# Burl Spotted



## Cody Killgore (Oct 3, 2013)

So my dad knows I have a wood addiction and I told him to be on the lookout for burls as he is on the road a lot. He spotted this one and snapped a quick pic about 15 minutes from my house. I'm kinda doubting they would want me cutting this off their lovely tree in their front yard but it looks good doesn't it? I have no idea what kind of tree this is. I'm thinking I need to talk to them and tell them that if they are ever cutting that tree down to let me know!

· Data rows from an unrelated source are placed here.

lemma integral_hinge_gain_nonneg:
  fixes N :: "((real^'d) \<times> real) measure" and v :: "'d \<Rightarrow> real"
  assumes N: "prob_space N" and sets_N: "sets N = sets borel"
    and c: "c \<in> {-1, 1}" and label: "AE p in N. snd p = c"
    and indep: "prob_space.indep_vars N (\<lambda>_. borel) (\<lambda>j p. fst p $ j) UNIV"
    and xi: "integrable N (\<lambda>p. fst p $ i)" and mean: "(\<integral>p. fst p $ i \<partial>N) = c * m"
    and bm_le: "b * m \<le> e"
  shows "0 \<le> (\<integral>p. (if 0 < 1 - snd p * (\<Sum>j\<in>UNIV - {i}. v j * fst p $ j) + k
                      then e - b * snd p * fst p $ i else 0) \<partial>N)"
proof -
  interpret prob_space N by (rule N)
  note [measurable] = borel_measurable_coordinate[OF sets_N] borel_measurable_label[OF sets_N]
  define h where "h r = (if 0 < 1 - c * (\<Sum>j\<in>UNIV - {i}. v j * r j) + k then 1 else 0 :: real)"
    for r :: "'d \<Rightarrow> real"
  define G where "G p = h (restrict (\<lambda>j. fst p $ j) (UNIV - {i}))" for p :: "(real^'d) \<times> real"
  have h_meas: "h \<in> borel_measurable (PiM (UNIV - {i}) (\<lambda>_. borel))"
    unfolding h_def by measurable
  have h_bound: "\<bar>h r\<bar> \<le> 1" for r
    by (simp add: h_def)
  note G_facts = integral_mult_indep_component[OF indep _ xi h_meas h_bound, folded G_def]
    integrable_mult_indep_component[OF indep _ xi h_meas h_bound, folded G_def]
    integrable_indep_component_bounded[OF indep _ xi h_meas h_bound, folded G_def]
  have [measurable]: "G \<in> borel_measurable N"
    using G_facts(3) by auto
  \<comment> \<open>given the label, the indicator is a function of the coordinates other than \<open>i\<close>\<close>
  have "AE p in N. (if 0 < 1 - snd p * (\<Sum>j\<in>UNIV - {i}. v j * fst p $ j) + k
                    then e - b * snd p * fst p $ i else 0) = e * G p - (b * c) * (fst p $ i * G p)"
    using label by eventually_elim (simp add: G_def h_def)
  then have "(\<integral>p. (if 0 < 1 - snd p * (\<Sum>j\<in>UNIV - {i}. v j * fst p $ j) + k
                   then e - b * snd p * fst p $ i else 0) \<partial>N)
             = (\<integral>p. e * G p - (b * c) * (fst p $ i * G p) \<partial>N)"
    by (intro integral_cong_AE) measurable
  also have "\<dots> = e * (\<integral>p. G p \<partial>N) - (b * c) * (c * m) * (\<integral>p. G p \<partial>N)"
    using G_facts mean by simp
  also have "\<dots> = (e - b * m) * (\<integral>p. G p \<partial>N)"
    using c by (auto simp: algebra_simps)
  finally show ?thesis
    using bm_le by (simp add: G_def h_def integral_nonneg)
qed

lemma inner_add_AT_delta:
  "u \<bullet> (fst p + AT_delta eps W p)
     = (\<Sum>j\<in>UNIV. u $ j * fst p $ j) - snd p * eps * (\<Sum>j\<in>UNIV. u $ j * sgn (W $ j))"
  unfolding AT_delta_def inner_vec_def
  by (simp add: algebra_simps sum_subtractf sum_distrib_left)

lemma power2_norm_vec: "(norm (x :: real^'d))\<^sup>2 = (\<Sum>j\<in>UNIV. (x $ j)\<^sup>2)"
  unfolding power2_norm_eq_inner inner_vec_def by (simp add: power2_eq_square)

I might need to go find it and try to get some better pictures.


----------



## davduckman2010 (Oct 3, 2013)

i think they would pay you to remove that eyesore . who would want to look at that in there yard. -----oh ya whats the adress there :creep::csnut:


----------



## Cody Killgore (Oct 3, 2013)

davduckman2010 said:


> i think they would pay you to remove that eyesore . who would want to look at that in there yard. -----oh ya whats the adress there :creep::csnut:



My thoughts exactly...You go cut it and I'll split it with you :irishjig:


----------



## Kevin (Oct 3, 2013)

It's a white oak. Depending on who you ask, it's either not worth the trouble or it's great stuff. Count me among the former. But your dad is on the right track! Thanks for the pic.


----------



## Cody Killgore (Oct 3, 2013)

Kevin said:


> It's a white oak. Depending on who you ask, it's either not worth the trouble or it's great stuff. Count me among the former. But your dad is on the right track! Thanks for the pic.



Awesome. Thanks for the info!


----------